In pandas, we select the desired rows that meet certain criteria using the following approach. Suppose that we want to select the cars, whose origin is USA and have a weight more than 4900 pounds.

Pandas Select Data

The corresponding SQL statement is below.

select * 
from mpgtbl
where origin = 'usa' and weight > 4900
  • select *: select is a keyword, and it means select… The asterisk sign means all the columns. If you want to select some columns, you can simply list them out: select mpg, horsepower.
  • from the_table: specify the table from where you select data
  • where: specify the selection criteria. Please note that the comparison operator is simply =, but not ==. The AND logical operator is and.
  • Strings: it’s usually a good idea to use single quotes for strings, although some databases do support double quotes.

2. Select Top 3 Rows

In Pandas, we can use the head function to select the top N rows. The corresponding SQL statement uses the limit keyword, which specify the top N rows that match criteria if defined.

# Pandas
df.head(3)
# SQL
select *
from mpgtbl
limit 3

What about you want to select rows 4–6? Here’s a possible solution for each.

# Pandas
df.iloc[3:6, :]
# SQL
select *
from mpgtbl
limit 3
offset 3;

In Pandas, we can use the iloc property for data selection.
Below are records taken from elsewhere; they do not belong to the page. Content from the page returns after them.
(* Let $t$ be a positive integer and let $G$ be a graph on $4t-1$ vertices with $\alpha(G)=2$ and $\mathrm{cm}(G)\le t-1$. Let $S_0,S_1,S_2$ be pairwise disjoint subsets of $V(G)$ (some possibly empty), each inducing a clique in $G$, such that $S_0$ is complete to $S_1\cup S_2$ and $S_1$ is anti-complete to $S_2$. Then $|S_0|+|S_1|+|S_2|\le t-1$.
   Context: All graphs are finite and simple. $\alpha(G)$ is the independence number. A matching $M$ in $G$ is connected if for every two edges of $M$ there is an edge of $G$ joining an endpoint of one to an endpoint of the other; $\mathrm{cm}(G)$ is the maximum size of a connected matching in $G$. For disjoint vertex sets $A,B$: $A$ is complete to $B$ if every vertex of $A$ is adjacent to every vertex of $B$; $A$ is anti-complete to $B$ if there is no edge between them. *)

theory Defs
  imports Main
begin

definition simple_graph :: "'a set \<Rightarrow> ('a \<Rightarrow> 'a \<Rightarrow> bool) \<Rightarrow> bool" where
  "simple_graph V E \<longleftrightarrow> finite V \<and> (\<forall>u v. E u v \<longrightarrow> E v u)
     \<and> (\<forall>v. \<not> E v v) \<and> (\<forall>u v. E u v \<longrightarrow> u \<in> V \<and> v \<in> V)"

definition independent_set :: "'a set \<Rightarrow> ('a \<Rightarrow> 'a \<Rightarrow> bool) \<Rightarrow> 'a set \<Rightarrow> bool" where
  "independent_set V E I \<longleftrightarrow> I \<subseteq> V \<and> (\<forall>u\<in>I. \<forall>v\<in>I. \<not> E u v)"

definition independence_number :: "'a set \<Rightarrow> ('a \<Rightarrow> 'a \<Rightarrow> bool) \<Rightarrow> nat" where
  "independence_number V E = Max (card ` {I. independent_set V E I})"

definition clique :: "'a set \<Rightarrow> ('a \<Rightarrow> 'a \<Rightarrow> bool) \<Rightarrow> 'a set \<Rightarrow> bool" where
  "clique V E S \<longleftrightarrow> S \<subseteq> V \<and> (\<forall>u\<in>S. \<forall>v\<in>S. u \<noteq> v \<longrightarrow> E u v)"

definition is_edge :: "('a \<Rightarrow> 'a \<Rightarrow> bool) \<Rightarrow> 'a set \<Rightarrow> bool" where
  "is_edge E e \<longleftrightarrow> (\<exists>u v. e = {u, v} \<and> E u v)"

definition matching :: "('a \<Rightarrow> 'a \<Rightarrow> bool) \<Rightarrow> 'a set set \<Rightarrow> bool" where
  "matching E M \<longleftrightarrow> (\<forall>e\<in>M. is_edge E e) \<and> (\<forall>e\<in>M. \<forall>f\<in>M. e \<noteq> f \<longrightarrow> e \<inter> f = {})"

definition connected_matching :: "('a \<Rightarrow> 'a \<Rightarrow> bool) \<Rightarrow> 'a set set \<Rightarrow> bool" where
  "connected_matching E M \<longleftrightarrow> matching E M \<and>
     (\<forall>e\<in>M. \<forall>f\<in>M. e \<noteq> f \<longrightarrow> (\<exists>u\<in>e. \<exists>v\<in>f. E u v))"

definition cm :: "'a set \<Rightarrow> ('a \<Rightarrow> 'a \<Rightarrow> bool) \<Rightarrow> nat" where
  "cm V E = Max (card ` {M. connected_matching E M})"

definition complete_to :: "('a \<Rightarrow> 'a \<Rightarrow> bool) \<Rightarrow> 'a set \<Rightarrow> 'a set \<Rightarrow> bool" where
  "complete_to E A B \<longleftrightarrow> (\<forall>a\<in>A. \<forall>b\<in>B. E a b)"

definition anticomplete_to :: "('a \<Rightarrow> 'a \<Rightarrow> bool) \<Rightarrow> 'a set \<Rightarrow> 'a set \<Rightarrow> bool" where
  "anticomplete_to E A B \<longleftrightarrow> (\<forall>a\<in>A. \<forall>b\<in>B. \<not> E a b)"

end

theory Submission
  imports Defs
begin

text \<open>Since \<open>\<alpha>(G) \<le> 2\<close>, the non-neighbourhood of every vertex is a clique. A clique \<open>P\<close> with
  \<open>t \<le> |P| \<le> 2t\<close> whose vertices each have \<open>2t - |P|\<close> neighbours outside \<open>P\<close> carries a connected
  matching of size \<open>t\<close>: pair \<open>2(|P| - t)\<close> of its vertices among themselves and match \<open>2t - |P|\<close>
  others greedily to outside neighbours. As \<open>cm(G) < t\<close>, it follows that every clique has fewer than
  \<open>2t\<close>, and then fewer than \<open>t\<close>, vertices; so every vertex has fewer than \<open>t\<close> non-neighbours.

  If \<open>|S\<^sub>0| + |S\<^sub>1| + |S\<^sub>2| \<ge> t\<close>, pick a \<open>t\<close>-subset \<open>D = D\<^sub>0 \<union> D\<^sub>1 \<union> D\<^sub>2\<close> of their union. No vertex
  outside \<open>D\<close> misses both a vertex of \<open>D\<^sub>1\<close> and one of \<open>D\<^sub>2\<close>, as this would give an independent
  triple; counting the \<open>3t - 1\<close> vertices outside \<open>D\<close> then shows that on one side, say \<open>D\<^sub>2\<close>, every
  vertex has \<open>|D\<^sub>2|\<close> neighbours outside \<open>D\<close> that are complete to \<open>D\<^sub>1\<close>. Matching \<open>D\<^sub>2\<close> greedily
  into these and the rest of \<open>D\<close> into further outside neighbours gives a matching of size \<open>t\<close>. It
  is connected: the cliques \<open>D\<^sub>0 \<union> D\<^sub>1\<close> and \<open>D\<^sub>0 \<union> D\<^sub>2\<close> join all pairs of edges except those
  between \<open>D\<^sub>1\<close> and \<open>D\<^sub>2\<close>, which are joined through the partners of \<open>D\<^sub>2\<close>.\<close>

lemma extend_inj_choice:
  assumes "finite Y" "X \<inter> Y = {}" "inj_on f X"
    and "\<forall>y\<in>Y. card Y \<le> card (C y - f ` X)"
  shows "\<exists>g. inj_on g (X \<union> Y) \<and> (\<forall>x\<in>X. g x = f x) \<and> (\<forall>y\<in>Y. g y \<in> C y)"
  using assms
proof (induction Y rule: finite_induct)
  case empty
  then show ?case by auto
next
  case (insert a Y)
  then obtain g where g: "inj_on g (X \<union> Y)" "\<forall>x\<in>X. g x = f x" "\<forall>y\<in>Y. g y \<in> C y"
    by fastforce
  have "card (g ` Y) < card (C a - f ` X)"
    using card_image_le[OF \<open>finite Y\<close>, of g] insert by fastforce
  then have "\<not> C a - f ` X \<subseteq> g ` Y"
    using card_mono[OF finite_imageI[OF \<open>finite Y\<close>]] by fastforce
  then obtain b where "b \<in> C a - f ` X" "b \<notin> g ` Y"
    by blast
  then have b: "b \<in> C a" "b \<notin> g ` (X \<union> Y)"
    using g(2) by auto
  then have "inj_on (g(a := b)) (X \<union> insert a Y)"
    using g(1) insert.hyps(2) insert.prems(1) by (auto simp: inj_on_def)
  moreover have "\<forall>x\<in>X. (g(a := b)) x = f x" "\<forall>y\<in>insert a Y. (g(a := b)) y \<in> C y"
    using g(2,3) b(1) insert.hyps(2) insert.prems(1) by auto
  ultimately show ?case
    by blast
qed

corollary obtain_inj_choice:
  assumes "finite Y" "\<forall>y\<in>Y. card Y \<le> card (C y)"
  obtains g where "inj_on g Y" "\<forall>y\<in>Y. g y \<in> C y"
proof -
  have "\<exists>g. inj_on g Y \<and> (\<forall>y\<in>Y. g y \<in> C y)"
    using extend_inj_choice[of Y "{}" _ C] assms by simp
  then show thesis
    using that by blast
qed

lemma finite_connected_matchings:
  assumes "simple_graph V E"
  shows "finite {M. connected_matching E M}"
proof (rule finite_subset)
  show "{M. connected_matching E M} \<subseteq> Pow (Pow V)"
    using assms by (auto simp: connected_matching_def matching_def is_edge_def simple_graph_def)
  show "finite (Pow (Pow V))"
    using assms by (simp add: simple_graph_def)
qed

lemma card_le_cm:
  assumes "simple_graph V E" "connected_matching E M"
  shows "card M \<le> cm V E"
  unfolding cm_def using assms finite_connected_matchings by (intro Max_ge) auto

lemma partner_map_card_le_cm:
  assumes "simple_graph V E" "inj_on f D" "f ` D \<inter> D = {}"
    and "\<forall>v\<in>D. E v (f v)"
    and "\<forall>v\<in>D. \<forall>w\<in>D. v \<noteq> w \<longrightarrow> (\<exists>x\<in>{v, f v}. \<exists>y\<in>{w, f w}. E x y)"
  shows "card D \<le> cm V E"
proof -
  let ?M = "(\<lambda>v. {v, f v}) ` D"
  have distinct_edges: "{v, f v} \<inter> {w, f w} = {}" if "v \<in> D" "w \<in> D" "v \<noteq> w" for v w
    using that assms(2,3) by (auto dest: inj_onD)
  have "inj_on (\<lambda>v. {v, f v}) D"
    by (rule inj_onI) (use distinct_edges in blast)
  moreover have "connected_matching E ?M"
    unfolding connected_matching_def matching_def is_edge_def
  proof (intro conjI ballI impI)
    show "\<exists>u v. e = {u, v} \<and> E u v" if "e \<in> ?M" for e
      using that assms(4) by blast
    fix e e'
    assume "e \<in> ?M" "e' \<in> ?M" "e \<noteq> e'"
    then obtain v w where "v \<in> D" "w \<in> D" "v \<noteq> w" "e = {v, f v}" "e' = {w, f w}"
      by blast
    then show "e \<inter> e' = {}" "\<exists>x\<in>e. \<exists>y\<in>e'. E x y"
      using distinct_edges assms(5) by simp_all
  qed
  ultimately show ?thesis
    using card_le_cm[OF assms(1)] card_image by fastforce
qed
Please note that iloc uses index and index starts with 0, so to get rows 4–6, we need to specify 3:6, which ends before 6.

In SQL, we can simply supply an additional restriction by requesting an offset of 3, such that we can get rows 4–6.

3. Select The Unique Values

Pandas has the built-in unique function when it comes to select distinct values for a particular column.

# Pandas
df['origin'].unique()
# SQL
select distinct origin
from mpgtbl

In SQL, we will simply place the distinct keyword before the column or the column list.

4. Sort Rows

We use sort_values to sort the rows in pandas. In SQL, we use the order keyword instead. By default, in both, values are sorted in the ascending order. When you need to sort data in the descending order, we have different options.

# Pandas
df.sort_values(['mpg', 'weight'], ascending=[False, True])
# SQL
select *
from mpgtbl
order by mpg desc, weight

In SQL, when you need to reverse the order for the column, you need to use desc following the column name.

5. Membership Checking

This operation is similar between pandas and SQL, and both involve the use of the in-related keyword in a certain form.

# Pandas
df[df['origin'].isin(['japan', 'europe'])]
df[~df['origin'].isin(['usa'])]
# SQL
select *
from mpgtbl
where origin in ('japan', 'europe');
select *
from mpgtbl
where origin not in ('usa')
  • Pandas uses the isin method to determine whether the row’s value is contained in the list of items. To negate the boolean value, simply use the ~ sign preceding the expression.
  • SQL uses the in or not in for membership checking. Instead of using square brackets, SQL uses the pair of parentheses to list all the items.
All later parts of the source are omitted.